*About this task*
From the entries below, reproduce exactly the line containing "by (simp add: payoff_def zterm_eq rate_M_def rate_S_def P_def", the line containing "by (intro add_less_le_mono", and every line in between, with nothing added.

+++

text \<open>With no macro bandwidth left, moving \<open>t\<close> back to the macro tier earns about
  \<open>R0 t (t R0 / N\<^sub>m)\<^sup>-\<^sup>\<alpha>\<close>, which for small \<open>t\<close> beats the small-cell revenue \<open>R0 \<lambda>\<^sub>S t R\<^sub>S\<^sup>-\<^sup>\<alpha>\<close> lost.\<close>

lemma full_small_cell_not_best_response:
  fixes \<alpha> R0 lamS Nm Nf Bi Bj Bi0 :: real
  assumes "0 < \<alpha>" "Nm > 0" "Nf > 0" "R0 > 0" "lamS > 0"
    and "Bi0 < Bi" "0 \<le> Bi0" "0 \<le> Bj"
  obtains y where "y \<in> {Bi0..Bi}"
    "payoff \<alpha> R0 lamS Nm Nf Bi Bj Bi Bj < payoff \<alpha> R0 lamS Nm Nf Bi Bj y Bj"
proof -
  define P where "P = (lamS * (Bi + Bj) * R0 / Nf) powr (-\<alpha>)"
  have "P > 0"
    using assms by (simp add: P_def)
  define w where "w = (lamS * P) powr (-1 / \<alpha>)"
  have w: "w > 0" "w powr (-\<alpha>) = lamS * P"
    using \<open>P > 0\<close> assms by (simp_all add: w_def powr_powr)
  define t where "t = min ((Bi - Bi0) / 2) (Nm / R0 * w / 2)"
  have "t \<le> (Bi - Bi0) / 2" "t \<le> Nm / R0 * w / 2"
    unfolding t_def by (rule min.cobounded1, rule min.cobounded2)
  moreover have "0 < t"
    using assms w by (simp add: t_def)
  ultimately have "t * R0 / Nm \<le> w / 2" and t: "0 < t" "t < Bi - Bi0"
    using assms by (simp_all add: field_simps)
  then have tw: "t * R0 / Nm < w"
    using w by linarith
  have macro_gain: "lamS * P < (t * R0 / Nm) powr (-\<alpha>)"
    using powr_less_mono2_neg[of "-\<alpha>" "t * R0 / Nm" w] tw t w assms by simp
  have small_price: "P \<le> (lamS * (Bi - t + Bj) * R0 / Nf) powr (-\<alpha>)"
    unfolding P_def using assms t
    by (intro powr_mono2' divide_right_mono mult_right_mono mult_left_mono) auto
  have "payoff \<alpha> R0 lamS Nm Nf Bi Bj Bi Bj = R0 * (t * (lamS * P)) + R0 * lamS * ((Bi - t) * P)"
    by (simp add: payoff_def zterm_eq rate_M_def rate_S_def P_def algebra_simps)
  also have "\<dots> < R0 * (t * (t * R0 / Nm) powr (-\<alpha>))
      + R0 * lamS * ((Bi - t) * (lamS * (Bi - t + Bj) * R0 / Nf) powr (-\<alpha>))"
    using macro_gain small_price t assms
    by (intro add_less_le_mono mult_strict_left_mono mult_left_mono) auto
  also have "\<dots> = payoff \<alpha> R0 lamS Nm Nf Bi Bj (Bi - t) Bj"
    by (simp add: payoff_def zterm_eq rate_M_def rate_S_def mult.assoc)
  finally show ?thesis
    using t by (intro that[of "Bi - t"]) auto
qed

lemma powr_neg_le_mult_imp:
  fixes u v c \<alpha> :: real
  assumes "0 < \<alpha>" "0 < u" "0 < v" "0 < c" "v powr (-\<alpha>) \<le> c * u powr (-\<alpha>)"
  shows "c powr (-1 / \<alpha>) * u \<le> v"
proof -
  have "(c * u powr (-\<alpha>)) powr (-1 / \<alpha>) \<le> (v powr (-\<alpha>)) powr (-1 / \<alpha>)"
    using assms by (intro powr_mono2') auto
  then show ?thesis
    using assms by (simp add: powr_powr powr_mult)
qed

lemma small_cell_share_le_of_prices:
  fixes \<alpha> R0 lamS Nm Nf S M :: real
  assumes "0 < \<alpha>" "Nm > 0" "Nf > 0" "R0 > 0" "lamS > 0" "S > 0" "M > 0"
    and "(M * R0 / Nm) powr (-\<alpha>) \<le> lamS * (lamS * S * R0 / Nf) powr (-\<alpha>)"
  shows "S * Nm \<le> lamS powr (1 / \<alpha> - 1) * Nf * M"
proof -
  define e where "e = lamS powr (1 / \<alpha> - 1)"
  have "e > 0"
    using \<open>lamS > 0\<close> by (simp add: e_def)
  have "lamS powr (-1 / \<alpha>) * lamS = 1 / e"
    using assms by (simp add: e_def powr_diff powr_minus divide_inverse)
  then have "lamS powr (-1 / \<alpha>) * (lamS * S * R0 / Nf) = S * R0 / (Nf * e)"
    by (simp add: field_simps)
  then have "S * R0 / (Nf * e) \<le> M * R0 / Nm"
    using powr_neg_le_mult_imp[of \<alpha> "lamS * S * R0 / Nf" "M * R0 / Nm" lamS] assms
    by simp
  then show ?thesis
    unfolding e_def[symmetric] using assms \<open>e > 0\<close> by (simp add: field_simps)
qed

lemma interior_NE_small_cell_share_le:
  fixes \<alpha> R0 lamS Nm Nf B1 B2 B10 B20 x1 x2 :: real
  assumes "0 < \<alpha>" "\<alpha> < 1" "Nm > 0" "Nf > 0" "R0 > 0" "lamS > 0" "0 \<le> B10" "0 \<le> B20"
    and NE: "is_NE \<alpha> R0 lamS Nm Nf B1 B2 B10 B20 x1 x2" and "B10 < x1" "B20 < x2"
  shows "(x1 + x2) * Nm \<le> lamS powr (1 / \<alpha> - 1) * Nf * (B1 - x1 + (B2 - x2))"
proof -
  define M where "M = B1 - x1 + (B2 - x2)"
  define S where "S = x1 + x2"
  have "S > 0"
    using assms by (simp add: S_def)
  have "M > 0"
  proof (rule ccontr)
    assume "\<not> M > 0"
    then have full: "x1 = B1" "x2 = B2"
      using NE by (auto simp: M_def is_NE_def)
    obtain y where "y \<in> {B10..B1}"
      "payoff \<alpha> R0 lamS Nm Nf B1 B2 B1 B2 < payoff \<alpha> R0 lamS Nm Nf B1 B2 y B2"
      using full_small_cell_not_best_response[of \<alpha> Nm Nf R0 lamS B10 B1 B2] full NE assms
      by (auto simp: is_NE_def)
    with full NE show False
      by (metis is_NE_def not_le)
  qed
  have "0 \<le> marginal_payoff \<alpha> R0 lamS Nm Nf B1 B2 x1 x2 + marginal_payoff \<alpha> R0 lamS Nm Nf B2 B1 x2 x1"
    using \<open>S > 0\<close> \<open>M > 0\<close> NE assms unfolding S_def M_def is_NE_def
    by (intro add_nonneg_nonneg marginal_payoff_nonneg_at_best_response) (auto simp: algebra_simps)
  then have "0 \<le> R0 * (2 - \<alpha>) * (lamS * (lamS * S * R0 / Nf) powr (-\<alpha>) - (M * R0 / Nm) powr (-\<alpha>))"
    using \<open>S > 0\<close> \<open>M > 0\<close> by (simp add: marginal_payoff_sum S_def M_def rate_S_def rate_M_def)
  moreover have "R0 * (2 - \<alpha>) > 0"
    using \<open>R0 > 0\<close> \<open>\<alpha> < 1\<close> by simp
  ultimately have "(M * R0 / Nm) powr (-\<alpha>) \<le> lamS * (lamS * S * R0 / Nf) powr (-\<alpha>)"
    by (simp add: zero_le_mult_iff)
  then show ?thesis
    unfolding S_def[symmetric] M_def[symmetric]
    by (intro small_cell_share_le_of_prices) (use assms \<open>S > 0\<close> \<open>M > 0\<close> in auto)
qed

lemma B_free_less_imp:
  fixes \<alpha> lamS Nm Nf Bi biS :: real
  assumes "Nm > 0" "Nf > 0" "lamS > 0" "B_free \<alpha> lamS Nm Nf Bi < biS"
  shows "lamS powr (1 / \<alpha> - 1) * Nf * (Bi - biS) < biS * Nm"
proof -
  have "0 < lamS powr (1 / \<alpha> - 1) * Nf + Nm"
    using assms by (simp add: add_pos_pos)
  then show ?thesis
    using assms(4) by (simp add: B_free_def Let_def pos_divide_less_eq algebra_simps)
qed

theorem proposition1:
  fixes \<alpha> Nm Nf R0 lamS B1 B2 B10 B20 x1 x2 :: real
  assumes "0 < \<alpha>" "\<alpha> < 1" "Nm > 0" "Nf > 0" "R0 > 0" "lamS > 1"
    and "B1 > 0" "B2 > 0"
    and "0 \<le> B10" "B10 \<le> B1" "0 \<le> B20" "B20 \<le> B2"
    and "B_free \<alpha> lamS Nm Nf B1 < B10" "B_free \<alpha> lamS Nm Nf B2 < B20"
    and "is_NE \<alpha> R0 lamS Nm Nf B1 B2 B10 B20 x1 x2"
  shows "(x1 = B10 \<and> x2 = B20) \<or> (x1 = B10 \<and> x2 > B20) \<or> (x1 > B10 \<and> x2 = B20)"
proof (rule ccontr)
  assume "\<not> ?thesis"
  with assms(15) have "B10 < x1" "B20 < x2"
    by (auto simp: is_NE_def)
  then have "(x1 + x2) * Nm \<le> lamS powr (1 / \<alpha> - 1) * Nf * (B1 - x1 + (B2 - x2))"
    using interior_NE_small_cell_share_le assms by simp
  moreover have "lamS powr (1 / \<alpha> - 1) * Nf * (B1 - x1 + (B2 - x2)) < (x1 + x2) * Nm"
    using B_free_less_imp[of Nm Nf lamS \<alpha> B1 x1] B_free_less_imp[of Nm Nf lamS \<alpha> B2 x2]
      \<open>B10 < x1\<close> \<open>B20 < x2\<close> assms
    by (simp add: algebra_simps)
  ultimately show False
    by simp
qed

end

+++

*Response to the exercise*
    by (simp add: payoff_def zterm_eq rate_M_def rate_S_def P_def algebra_simps)
  also have "\<dots> < R0 * (t * (t * R0 / Nm) powr (-\<alpha>))
      + R0 * lamS * ((Bi - t) * (lamS * (Bi - t + Bj) * R0 / Nf) powr (-\<alpha>))"
    using macro_gain small_price t assms
    by (intro add_less_le_mono mult_strict_left_mono mult_left_mono) auto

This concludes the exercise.